Water coming out of a vent is rich not only in dissolved minerals but also in chemosynthetic bacteria. These bacteria are capable of utilizing sulfur compounds to produce organic material through the process of chemosynthesis. The bacteria are autotrophs that oxidize hydrogen sulfide in vent water to obtain energy, which is used to produce organic material (i.e. grow themselves).

Chemosynthetic bacteria are the primary producers and form the base of vent food webs. All vent animals ultimately depend on the bacteria for food. So hydrothermal vents are very beneficial to creatures living at the dark oceanic depths. For all we know, these vent/water exchanges have been present since the earth first developed its crust. Billions of years ago, according to science theoretical models.

Presence of hydrothermal vents probably have little to do with global warming. Releasing noxious gas and waste into our ecosystems may have had more impact. These vents may be natural players that rewrite regulation parameters of planetary climates. Climate change refers to the changes in the global climate which result from the increasing average global temperature. For example, changes in precipitation patterns, increased prevalence of droughts, heat waves, and other extreme weather, etc.

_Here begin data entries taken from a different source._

(* Let $n\ge4$ and let $x\in B$ with $|x|=2n+4$ and $\delta(x)=4$. Then $[x]_2\notin R$.
   Context: Stern's sequence $(a(n))_{n\ge0}$: $a(0)=0$, $a(1)=1$, $a(2n)=a(n)$, $a(2n+1)=a(n)+a(n+1)$; $s(n)=a(n+1)$. $R$ is the set of record-setters of $s$, i.e. indices $v\ge0$ with $s(i)<s(v)$ for all $i<v$. For a binary string $x$, $[x]_2$ is the integer it represents in base 2 and $|x|$ its length. $B$ denotes the set of nonempty binary strings that are concatenations of blocks each equal to $10$ or $100$; for $x\in B$, $\delta(x)$ is the number of $0$s minus the number of $1$s in $x$, which equals the number of $100$ blocks. *)

theory Defs
  imports Main
begin

function stern :: "nat \<Rightarrow> nat" where
  "stern 0 = 0"
| "stern (Suc 0) = 1"
| "stern (Suc (Suc m)) = (if even m then stern (Suc (m div 2))
      else stern (Suc (m div 2)) + stern (Suc (Suc (m div 2))))"
  by pat_completeness auto
termination by (relation "measure id") (auto elim: oddE)

lemma stern_even: "stern (2 * n) = stern n"
proof (cases n)
  case (Suc k)
  then have "2 * n = Suc (Suc (2 * k))" by simp
  then show ?thesis using Suc by simp
qed simp

lemma stern_odd: "stern (2 * n + 1) = stern n + stern (n + 1)"
proof (cases n)
  case (Suc k)
  then have "2 * n + 1 = Suc (Suc (2 * k + 1))" by simp
  then show ?thesis using Suc by simp
qed simp

definition s :: "nat \<Rightarrow> nat" where
  "s n = stern (n + 1)"

definition R :: "nat set" where
  "R = {v. \<forall>i<v. s i < s v}"

text \<open>Binary strings are lists of bits, True = 1, most significant bit first.\<close>
fun bin_val :: "bool list \<Rightarrow> nat" where
  "bin_val [] = 0"
| "bin_val (b # xs) = (if b then 2 ^ length xs else 0) + bin_val xs"

definition B :: "bool list set" where
  "B = {concat bs | bs. bs \<noteq> [] \<and> (\<forall>b\<in>set bs. b = [True, False] \<or> b = [True, False, False])}"

definition delta :: "bool list \<Rightarrow> int" where
  "delta x = int (length (filter Not x)) - int (length (filter id x))"

end

theory Submission
  imports Defs
begin

text \<open>
Reading a binary string from the left, the pair (a(m), a(m+1)) for its value m evolves by
(p,q) \<mapsto> (p+q, q) on a 1 and (p,q) \<mapsto> (p, p+q) on a 0. The hypotheses force
x = (10)^a 100 (10)^b 100 (10)^c 100 (10)^d 100 (10)^e (the length condition is then
automatic). Put y = (10)^a 1000 (10)^(c+d+e+4) if b = 0 and y = (10)^a 100 100 (10)^(b+c+d+e+3)
otherwise: y has the same length and a smaller value, but s([y]_2) \<ge> s([x]_2).
A block (10)^k acts by a matrix whose second row (u, w) satisfies 0 \<le> 8u \<le> 5w, so by
bilinearity this comparison reduces to the finitely many cases where each (u, w) is
(0,1) or (5,8).
\<close>

fun stern_step :: "int \<times> int \<Rightarrow> bool \<Rightarrow> int \<times> int" where
  "stern_step (p, q) b = (if b then (p + q, q) else (p, p + q))"

definition stern_run :: "int \<times> int \<Rightarrow> bool list \<Rightarrow> int \<times> int" where
  "stern_run v xs = foldl stern_step v xs"

lemma stern_run_Nil [simp]: "stern_run v [] = v"
  by (simp add: stern_run_def)

lemma stern_run_Cons: "stern_run (p, q) (b # xs) = stern_run (stern_step (p, q) b) xs"
  by (simp add: stern_run_def)

lemma stern_run_append: "stern_run v (xs @ ys) = stern_run (stern_run v xs) ys"
  by (simp add: stern_run_def)

lemma stern_run_linear:
  "\<exists>a1 a2 b1 b2. \<forall>p q. stern_run (p, q) S = (p * a1 + q * a2, p * b1 + q * b2)"
proof (induction S)
  case Nil
  show ?case by (intro exI[of _ 1] exI[of _ 0] exI[of _ 0] exI[of _ 1]) simp
next
  case (Cons b S)
  then obtain a1 a2 b1 b2
    where IH: "\<And>p q. stern_run (p, q) S = (p * a1 + q * a2, p * b1 + q * b2)" by blast
  show ?case
  proof (cases b)
    case True
    then show ?thesis
      by (intro exI[of _ a1] exI[of _ "a1 + a2"] exI[of _ b1] exI[of _ "b1 + b2"])
        (simp add: stern_run_Cons IH algebra_simps)
  next
    case False
    then show ?thesis
      by (intro exI[of _ "a1 + a2"] exI[of _ a2] exI[of _ "b1 + b2"] exI[of _ b2])
        (simp add: stern_run_Cons IH algebra_simps)
  qed
qed

lemma bin_val_snoc: "bin_val (xs @ [b]) = 2 * bin_val xs + (if b then 1 else 0)"
  by (induction xs) auto

lemma bin_val_append: "bin_val (xs @ ys) = bin_val xs * 2 ^ length ys + bin_val ys"
  by (induction xs) (auto simp: power_add algebra_simps)

lemma bin_val_less_two_power: "bin_val xs < 2 ^ length xs"
  by (induction xs) auto

lemma bin_val_less_first_difference:
  assumes "length r1 = length r2"
  shows "bin_val (P @ False # r1) < bin_val (P @ True # r2)"
  using assms bin_val_less_two_power[of r1] by (simp add: bin_val_append)

lemma stern_run_bin_val:
  "stern_run (0, 1) xs = (int (stern (bin_val xs)), int (stern (bin_val xs + 1)))"
proof (induction xs rule: rev_induct)
  case Nil
  then show ?case by simp
next
  case (snoc b xs)
  define m where "m = bin_val xs"
  have "stern (2 * m + 2) = stern (m + 1)"
    using stern_even[of "m + 1"] by (simp add: algebra_simps)
  then show ?case
    using snoc stern_odd[of m] stern_even[of m]
    by (simp add: bin_val_snoc m_def[symmetric] stern_run_append stern_run_Cons add.commute)
qed

lemma s_bin_val: "int (s (bin_val xs)) = snd (stern_run (0, 1) xs)"
  by (simp add: s_def stern_run_bin_val)

lemma not_in_R_if_earlier_ge: "i < v \<Longrightarrow> s v \<le> s i \<Longrightarrow> v \<notin> R"
  by (auto simp: R_def)

definition blk10 :: "bool list" where "blk10 = [True, False]"
definition blk100 :: "bool list" where "blk100 = [True, False, False]"

definition rep10 :: "nat \<Rightarrow> bool list" where
  "rep10 k = concat (replicate k blk10)"

lemma rep10_0 [simp]: "rep10 0 = []"
  by (simp add: rep10_def)

lemma rep10_Suc: "rep10 (Suc k) = True # False # rep10 k"
  by (simp add: rep10_def blk10_def)

lemma length_rep10 [simp]: "length (rep10 k) = 2 * k"
  by (induction k) (auto simp: rep10_Suc)

lemma rep10_4: "rep10 4 = [True, False, True, False, True, False, True, False]"
  by (simp add: numeral_eq_Suc rep10_Suc)

definition rep10_vec :: "nat \<Rightarrow> int \<times> int" where
  "rep10_vec k = stern_run (0, 1) (rep10 k)"

text \<open>(10)^k acts as the symmetric matrix with rows (y - x, x) and (x, y), where
  (x, y) = rep10_vec k; rep10_act applies that matrix, given its second row.\<close>
definition rep10_act :: "int \<times> int \<Rightarrow> int \<times> int \<Rightarrow> int \<times> int" where
  "rep10_act v w = (fst v * (snd w - fst w) + snd v * fst w, fst v * fst w + snd v * snd w)"

lemma rep10_act_0_1: "rep10_act v (0, 1) = v"
  by (simp add: rep10_act_def)

lemma rep10_act_5_8: "rep10_act (p, q) (5, 8) = (3 * p + 5 * q, 5 * p + 8 * q)"
  by (simp add: rep10_act_def)

lemma stern_run_rep10: "stern_run v (rep10 k) = rep10_act v (rep10_vec k)"
proof (induction k arbitrary: v)
  case 0
  then show ?case by (simp add: rep10_vec_def rep10_act_def)
next
  case (Suc k)
  have "rep10_vec (Suc k) = stern_run (1, 2) (rep10 k)"
    by (simp add: rep10_vec_def rep10_Suc stern_run_Cons)
  then show ?case
    using Suc.IH by (cases v) (simp add: rep10_Suc rep10_act_def stern_run_Cons algebra_simps)
qed

lemma stern_run_rep10_append:
  "stern_run v (rep10 k @ S) = stern_run (rep10_act v (rep10_vec k)) S"
  by (simp add: stern_run_append stern_run_rep10)

lemma rep10_vec_cone: "0 \<le> fst (rep10_vec k) \<and> 8 * fst (rep10_vec k) \<le> 5 * snd (rep10_vec k)"
proof (induction k)
  case 0
  then show ?case by (simp add: rep10_vec_def)
next
  case (Suc k)
  have "rep10_vec (Suc k) = rep10_act (1, 2) (rep10_vec k)"
    unfolding stern_run_rep10[of "(1, 2)" k, symmetric]
    by (simp add: rep10_vec_def rep10_Suc stern_run_Cons)
  with Suc show ?case by (simp add: rep10_act_def)
qed

lemma rep10_act_cone_combination:
  "5 * snd (stern_run (rep10_act v (x, y)) S)
    = (5 * y - 8 * x) * snd (stern_run (rep10_act v (0, 1)) S)
      + x * snd (stern_run (rep10_act v (5, 8)) S)"
proof -
  obtain a1 a2 b1 b2
    where "\<And>p q. stern_run (p, q) S = (p * a1 + q * a2, p * b1 + q * b2)"
    using stern_run_linear by blast
  then show ?thesis by (cases v) (simp add: rep10_act_def algebra_simps)
qed

lemma rep10_act_compare:
  assumes "snd (stern_run (rep10_act v (0, 1)) S) \<le> snd (stern_run (rep10_act v' (0, 1)) S')"
    and "snd (stern_run (rep10_act v (5, 8)) S) \<le> snd (stern_run (rep10_act v' (5, 8)) S')"
  shows "snd (stern_run (rep10_act v (rep10_vec k)) S) \<le> snd (stern_run (rep10_act v' (rep10_vec k)) S')"
proof -
  obtain x y where xy: "rep10_vec k = (x, y)" by fastforce
  have "0 \<le> x" and "0 \<le> 5 * y - 8 * x" using rep10_vec_cone[of k] xy by auto
  then have "(5 * y - 8 * x) * snd (stern_run (rep10_act v (0, 1)) S)
      + x * snd (stern_run (rep10_act v (5, 8)) S)
    \<le> (5 * y - 8 * x) * snd (stern_run (rep10_act v' (0, 1)) S')
      + x * snd (stern_run (rep10_act v' (5, 8)) S')"
    using assms by (intro add_mono mult_left_mono)
  then show ?thesis
    unfolding xy rep10_act_cone_combination[symmetric] by simp
qed

lemma rep10_act_compare_Nil:
  assumes "snd (rep10_act v (0, 1)) \<le> snd (stern_run (rep10_act v' (0, 1)) S')"
    and "snd (rep10_act v (5, 8)) \<le> snd (stern_run (rep10_act v' (5, 8)) S')"
  shows "snd (rep10_act v (rep10_vec k)) \<le> snd (stern_run (rep10_act v' (rep10_vec k)) S')"
  using rep10_act_compare[of v "[]" v' S' k] assms by simp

The debate is serious. On the nay side, earth’s weather patterns have only been recorded for the past 150 years. Yet, since the industrial revolution, about 300 years ago, new chemicals found their way into our vast ecosystem. Also, we are discovering more fluctuations of the space of our solar system and scientists are exploring phenomena such as hydrothermal vents. So there are statistical outliers that boggle finite conclusions. But, in our lifetimes, changes in climates have been observed.

Within hydrothermal vents, influences on water temperatures are vague. Hydrothermal fluid temperatures can reach 400°C (750°F) or more, but they do not boil under the extreme pressure of the deep ocean. As they pour out of a vent, the fluids encounter cold, oxygenated seawater, causing another, more rapid series of chemical reactions to occur.

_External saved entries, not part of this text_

(* Let $d\ge2$, $a\ge d$, $d'=1$, $t\ge2$, and fix $n\ne j$ in $[t]$. Let $F_{n,j}$ be the $D\times d$ matrix, $D=\binom{d+1}{2}$, with rows indexed by $\{k_1,k_2\}\in\operatorname{Mult}_2([d])$, columns by $k_3\in[d]$, and entries $y_{n,j}(\{k_1,k_2\},k_3)$. Then there exist at least $\binom{D}{d}-\binom{2d-1}{d}$ linearly independent homogeneous polynomials of degree $d$, each a linear combination of the maximal $d\times d$ minors of $F_{n,j}$, that vanish on the attention variety.
   Context: Setup: $Q,K\in\mathbb R^{a\times d}$, $V\in\mathbb R^{1\times d}$, $A=K^\top Q$, $\varphi_W(X)=VX(X^\top AX)$ for $X=(x_{kn})\in\mathbb R^{d\times t}$. For $\mathcal A\in\operatorname{Mult}_2([d])$ (size-2 multisets on $[d]$), $b\in[d]$, $n\ne j$: $c_{n,j}(\mathcal A,b)$ is the coefficient of $(\prod_{u\in\mathcal A}x_{un})x_{bj}$ in $\varphi_W(X)[1,j]$ and $y_{n,j}(\mathcal A,b)=c_{n,j}(\mathcal A,b)/|\operatorname{Perm}(\mathcal A)|$, $\operatorname{Perm}$ the set of distinct orderings. $\mu$ maps $W=(Q,K,V)$ to all scaled coefficients (ambient coordinates with the same names); the attention variety is the Zariski closure of $\operatorname{im}\mu$. *)

theory Defs
  imports "Jordan_Normal_Form.Determinant" "HOL-Library.Multiset_Order"
begin

text \<open>Indices: [d] is rendered as {0..<d}, [a] as {0..<a}.
  Q, K :: nat \<Rightarrow> nat \<Rightarrow> real are a x d matrices (entries Q r p, r < a, p < d),
  V :: nat \<Rightarrow> real is the 1 x d row vector.\<close>

definition attA :: "nat \<Rightarrow> (nat \<Rightarrow> nat \<Rightarrow> real) \<Rightarrow> (nat \<Rightarrow> nat \<Rightarrow> real) \<Rightarrow> nat \<Rightarrow> nat \<Rightarrow> real" where
  "attA a Q K p q = (\<Sum>r<a. K r p * Q r q)"

text \<open>phi_W(X)[1,j] = sum_n sum_{k,p,q} V_k x_{kn} x_{pn} A_{pq} x_{qj}.  For n ~= j the monomial
  (prod_{u in M} x_{un}) x_{bj} arises exactly from the orderings (k,p) of the multiset M
  with q = b, so its coefficient is the sum below.\<close>

definition Mult2 :: "nat \<Rightarrow> nat multiset set" where
  "Mult2 d = {M. size M = 2 \<and> set_mset M \<subseteq> {0..<d}}"

definition Perm2 :: "nat multiset \<Rightarrow> (nat \<times> nat) set" where
  "Perm2 M = {(u, v). {#u, v#} = M}"

definition coef_c :: "nat \<Rightarrow> (nat \<Rightarrow> nat \<Rightarrow> real) \<Rightarrow> (nat \<Rightarrow> nat \<Rightarrow> real) \<Rightarrow> (nat \<Rightarrow> real)
    \<Rightarrow> nat \<Rightarrow> nat \<Rightarrow> nat multiset \<Rightarrow> nat \<Rightarrow> real" where
  "coef_c a Q K V n j M b = (\<Sum>(u, v)\<in>Perm2 M. V u * attA a Q K v b)"

definition coef_y :: "nat \<Rightarrow> (nat \<Rightarrow> nat \<Rightarrow> real) \<Rightarrow> (nat \<Rightarrow> nat \<Rightarrow> real) \<Rightarrow> (nat \<Rightarrow> real)
    \<Rightarrow> nat \<Rightarrow> nat \<Rightarrow> nat multiset \<Rightarrow> nat \<Rightarrow> real" where
  "coef_y a Q K V n j M b = coef_c a Q K V n j M b / real (card (Perm2 M))"

definition minor_rows :: "nat \<Rightarrow> (nat multiset \<Rightarrow> nat \<Rightarrow> real) \<Rightarrow> nat multiset set \<Rightarrow> real" where
  "minor_rows d F S = det (mat d d (\<lambda>(i, l). F (sorted_list_of_set S ! i) l))"

definition row_subsets :: "nat \<Rightarrow> nat multiset set set" where
  "row_subsets d = {S. S \<subseteq> Mult2 d \<and> card S = d}"

definition minor_comb :: "nat \<Rightarrow> (nat multiset set \<Rightarrow> real) \<Rightarrow> (nat multiset \<Rightarrow> nat \<Rightarrow> real) \<Rightarrow> real" where
  "minor_comb d c F = (\<Sum>S\<in>row_subsets d. c S * minor_rows d F S)"

end

theory Submission
  imports Defs
begin

text \<open>On the image of the parametrization, \<open>y(M, b) = \<Sum>\<^sub>k B(V)\<^sub>M\<^sub>k A\<^sub>k\<^sub>b\<close>, where the
  \<open>D \<times> d\<close> matrix \<open>B(V)\<close> has entries linear in \<open>V\<close>. Hence every maximal minor of \<open>F\<close>
  factors as \<open>det A\<close> times the corresponding minor of \<open>B(V)\<close>, a homogeneous form of degree
  \<open>d\<close> in the \<open>d\<close> entries of \<open>V\<close>, and such forms span a space of dimension
  \<open>(2d-1 choose d)\<close>. So the \<open>(D choose d)\<close> maximal minors satisfy at least
  \<open>(D choose d) - (2d-1 choose d)\<close> independent linear relations on the image. These
  combinations of minors stay independent as polynomials in \<open>F\<close> because distinct maximal
  minors are: on the 0/1 matrix whose rows in \<open>S\<close> form the identity and whose other rows
  vanish, only the minor indexed by \<open>S\<close> is nonzero.\<close>

lemma left_kernel_pivot_family:
  fixes G :: "'x \<Rightarrow> 'y \<Rightarrow> 'a::field"
  assumes "finite X" and "finite Y"
  shows "\<exists>P c. P \<subseteq> X \<and> card X \<le> card P + card Y
     \<and> (\<forall>p\<in>P. \<forall>q\<in>P. c p q = (if p = q then 1 else 0))
     \<and> (\<forall>p\<in>P. \<forall>y\<in>Y. (\<Sum>x\<in>X. c p x * G x y) = 0)"
  using \<open>finite Y\<close>
proof (induction Y rule: finite_induct)
  case empty
  show ?case
    by (rule exI[of _ X], rule exI[of _ "\<lambda>p q. if p = q then 1 else 0"]) auto
next
  case (insert y Y)
  then obtain P c where PX: "P \<subseteq> X" and card_P: "card X \<le> card P + card Y"
    and pivot: "\<forall>p\<in>P. \<forall>q\<in>P. c p q = (if p = q then 1 else 0)"
    and kernel: "\<forall>p\<in>P. \<forall>z\<in>Y. (\<Sum>x\<in>X. c p x * G x z) = 0"
    by blast
  define l where "l p = (\<Sum>x\<in>X. c p x * G x y)" for p
  show ?case
  proof (cases "\<forall>p\<in>P. l p = 0")
    case True
    then show ?thesis
      using PX card_P pivot kernel insert.hyps unfolding l_def
      by (intro exI[of _ P] exI[of _ c]) auto
  next
    case False
    then obtain p0 where p0: "p0 \<in> P" "l p0 \<noteq> 0" by blast
    \<comment> \<open>Gaussian elimination: row \<open>p0\<close> clears column \<open>y\<close> from the other rows and is dropped.\<close>
    define c' where "c' p x = c p x - (l p / l p0) * c p0 x" for p x
    have "finite P" using PX \<open>finite X\<close> finite_subset by blast
    then have "card P = Suc (card (P - {p0}))" using p0 by (metis card_Suc_Diff1)
    then have card_P': "card X \<le> card (P - {p0}) + card (insert y Y)"
      using card_P insert.hyps by simp
    have pivot': "\<forall>p\<in>P - {p0}. \<forall>q\<in>P - {p0}. c' p q = (if p = q then 1 else 0)"
      using pivot p0 unfolding c'_def by auto
    have kernel': "\<forall>p\<in>P - {p0}. \<forall>z\<in>insert y Y. (\<Sum>x\<in>X. c' p x * G x z) = 0"
    proof (intro ballI)
      fix p z assume p: "p \<in> P - {p0}" and z: "z \<in> insert y Y"
      have "(\<Sum>x\<in>X. c' p x * G x z)
          = (\<Sum>x\<in>X. c p x * G x z) - (l p / l p0) * (\<Sum>x\<in>X. c p0 x * G x z)"
        unfolding c'_def by (simp add: algebra_simps sum_subtractf sum_distrib_left)
      also have "\<dots> = 0"
        using z p p0 kernel unfolding l_def by auto
      finally show "(\<Sum>x\<in>X. c' p x * G x z) = 0" .
    qed
    show ?thesis
      using PX card_P' pivot' kernel' by (intro exI[of _ "P - {p0}"] exI[of _ c']) auto
  qed
qed

lemma Mult2_eq_multisets_of_size: "Mult2 d = multisets_of_size {0..<d} 2"
  unfolding Mult2_def multisets_of_size_def by auto

lemma finite_Mult2: "finite (Mult2 d)"
  by (simp add: Mult2_eq_multisets_of_size finite_multisets_of_size)

lemma card_Mult2: "card (Mult2 d) = Suc d choose 2"
  by (simp add: Mult2_eq_multisets_of_size card_multisets_of_size)

lemma finite_row_subsets: "finite (row_subsets d)"
  unfolding row_subsets_def
  by (rule finite_subset[of _ "Pow (Mult2 d)"]) (auto simp: finite_Mult2)

lemma card_row_subsets: "card (row_subsets d) = (Suc d choose 2) choose d"
  unfolding row_subsets_def by (simp add: n_subsets finite_Mult2 card_Mult2)

lemma row_subsetsD:
  assumes "S \<in> row_subsets d"
  shows "finite S" and "card S = d" and "S \<subseteq> Mult2 d"
  using assms finite_Mult2 finite_subset unfolding row_subsets_def by auto

definition selector_matrix :: "nat multiset set \<Rightarrow> nat multiset \<Rightarrow> nat \<Rightarrow> real" where
  "selector_matrix q M l = (if l < card q \<and> sorted_list_of_set q ! l = M then 1 else 0)"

Based on global water temperature statistics: The average temperature of the entire ocean surfaces usually ranges from 15 to 17 degrees Celsius (59 to 62.9 degrees Fahrenheit). There is a barrier between the surface water and deeper layers of the ocean that are not mixed. The barrier begins around 100 meters and can extend another few hundred meters downward. The average temperature of deep-ocean water is only 2°C (36°F). The water coming directly from a hydrothermal vent can reach up to 350°C (662°F) and is rich in dissolved chemicals. The hot spring water forms a plume above the vent, somewhat like smoke rising from a chimney into the air. Temperature-sensing instruments, towed behind research vessels, can detect these hot-water plumes and aid oceanographers in locating hydrothermal vents on the ocean floor.

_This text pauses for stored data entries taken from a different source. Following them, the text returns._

lemma gap_less_if_uncut:
  assumes "i \<in> S" "j \<in> S" "i < j" "\<forall>l\<in>S. \<not> (i < l \<and> l < j)"
  shows "j - i < m"
proof (rule ccontr)
  assume "\<not> j - i < m"
  then have "i + m \<le> j" using assms(3) by linarith
  moreover have "0 < i" "j + m \<le> n + 1" using assms(1,2) S_pos windows_fit by auto
  ultimately have "0 < i + m - 1" "i + m - 1 < n" using m_pos by linarith+
  moreover have "cut_at m S (i + m - 1)"
    unfolding cut_at_def
  proof
    fix l assume "l \<in> S"
    then have "l \<le> i \<or> j \<le> l" using assms(4) by force
    then show "l + m \<le> i + m - 1 + 1 \<or> i + m - 1 < l" using \<open>i + m \<le> j\<close> m_pos by linarith
  qed
  ultimately show False using uncut by blast
qed

end

lemma b_num_eq_r_num_if_uncut:
  assumes "p \<noteq> []" "S \<subseteq> {0<..}" "S \<noteq> {}" "\<forall>i\<in>S. i + length p \<le> n + 1"
    and "\<forall>k. 0 < k \<and> k < n \<longrightarrow> \<not> cut_at (length p) S k"
  shows "b_num p n S = r_num p n S"
proof (cases "cluster_set p n S")
  case True
  then show ?thesis by (simp add: r_num_conv_b_num)
next
  case False
  have "length p > 0" using assms(1) by simp
  note uncut = this assms(2-5)
  from False obtain i j where ij: "i \<in> S" "j \<in> S" "i < j" "\<forall>l\<in>S. \<not> (i < l \<and> l < j)"
      and "j - i \<notin> overlap p"
    using assms(3) finite_if_uncut[OF uncut] Min_eq_1_if_uncut[OF uncut]
      Max_add_eq_if_uncut[OF uncut]
    unfolding cluster_set_def by blast
  then have "b_num p n S = 0"
    using b_num_eq_0_if_gap_not_in_overlap[OF ij(1-3) gap_less_if_uncut[OF uncut ij]] by blast
  with False show ?thesis by (simp add: r_num_conv_b_num)
qed

lemma b_num_eq_if_r_num_eq:
  assumes len: "length q = length p" and "p \<noteq> []"
    and r: "\<forall>n S. S \<subseteq> {0<..} \<longrightarrow> r_num p n S = r_num q n S"
    and "S \<subseteq> {0<..}"
  shows "b_num p n S = b_num q n S"
  using assms(4)
proof (induction n arbitrary: S rule: less_induct)
  case (less n S)
  consider (cut) k where "0 < k" "k < n" "cut_at (length p) S k"
    | (empty) "S = {}"
    | (exceeds) i where "i \<in> S" "n + 1 < i + length p"
    | (uncut) "S \<noteq> {}" "\<forall>i\<in>S. i + length p \<le> n + 1"
        "\<forall>k. 0 < k \<and> k < n \<longrightarrow> \<not> cut_at (length p) S k"
    by (meson not_le)
  then show ?case
  proof cases
    case cut
    have "{i \<in> S. i + length p \<le> k + 1} \<subseteq> {0<..}" "(\<lambda>i. i - k) ` {i \<in> S. k < i} \<subseteq> {0<..}"
      using less.prems by auto
    with cut less.IH show ?thesis
      using b_num_cut_at[of k n S p] b_num_cut_at[of k n S q] less.prems len by simp
  next
    case empty
    then show ?thesis by (simp add: b_num_def)
  next
    case exceeds
    then show ?thesis using b_num_eq_0_if_window_exceeds len by metis
  next
    case uncut
    have "q \<noteq> []" using len assms(2) by auto
    with uncut len have "b_num p n S = r_num p n S" "b_num q n S = r_num q n S"
      using b_num_eq_r_num_if_uncut[OF assms(2) less.prems] b_num_eq_r_num_if_uncut[of q S n]
        less.prems by simp_all
    with r less.prems show ?thesis by simp
  qed
qed

theorem proposition5p1:
  fixes p q :: "nat list" and m :: nat
  assumes "p \<in> perms m" and "q \<in> perms m"
  shows "super_strongly_cWilf p q \<longleftrightarrow>
         (\<forall>n S. S \<subseteq> {0<..} \<longrightarrow> r_num p n S = r_num q n S)"
proof (cases "m = 0")
  case True
  with assms have "p = q" by (auto dest!: length_perms)
  then show ?thesis by (simp add: super_strongly_cWilf_def)
next
  case False
  with assms have "p \<noteq> []" "q \<noteq> []" and len: "length q = length p"
    by (auto dest: length_perms)
  have "super_strongly_cWilf p q \<longleftrightarrow> (\<forall>n S. S \<subseteq> {0<..} \<longrightarrow> b_num p n S = b_num q n S)"
    using \<open>p \<noteq> []\<close> \<open>q \<noteq> []\<close> by (rule super_strongly_cWilf_iff_b_num_eq)
  also have "\<dots> \<longleftrightarrow> (\<forall>n S. S \<subseteq> {0<..} \<longrightarrow> r_num p n S = r_num q n S)"
    using r_num_eq_if_b_num_eq[OF len] b_num_eq_if_r_num_eq[OF len \<open>p \<noteq> []\<close>] by blast
  finally show ?thesis .
qed

end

Like hot springs and geysers on land, hydrothermal vents form in volcanically active areas—often on mid-ocean ridges, where Earth’s tectonic plates are spreading apart and where magma wells up to the surface or close beneath the seafloor.

These hot plumes of water from reactions with hydrothermal vents may contribute to ocean water temperatures from within.

As far as carbon dioxide releases into the air, results revealed that dissolved organic carbon is efficiently removed from ocean water when heated. The organic molecules are broken down and the carbon converted to carbon dioxide. The entire ocean volume circulates through hydrothermal vents about every 40 million years, according to theorists studying at University of Georgia.

Climate effects from vast forest fires, waste disposal, and gluttony for fossil fuels may be stressing our planetary biomes. They may arise from ignorance, irresponsibility, profit, convenience, and other factors. The vast fires of Australia may have been started by campers and smokers. 14 people have been arrested. Humans and humanity may be more significant drivers of climate changes than hydrothermal vents.

On seismology offices the earth is humming. Is it a happy or sad tune?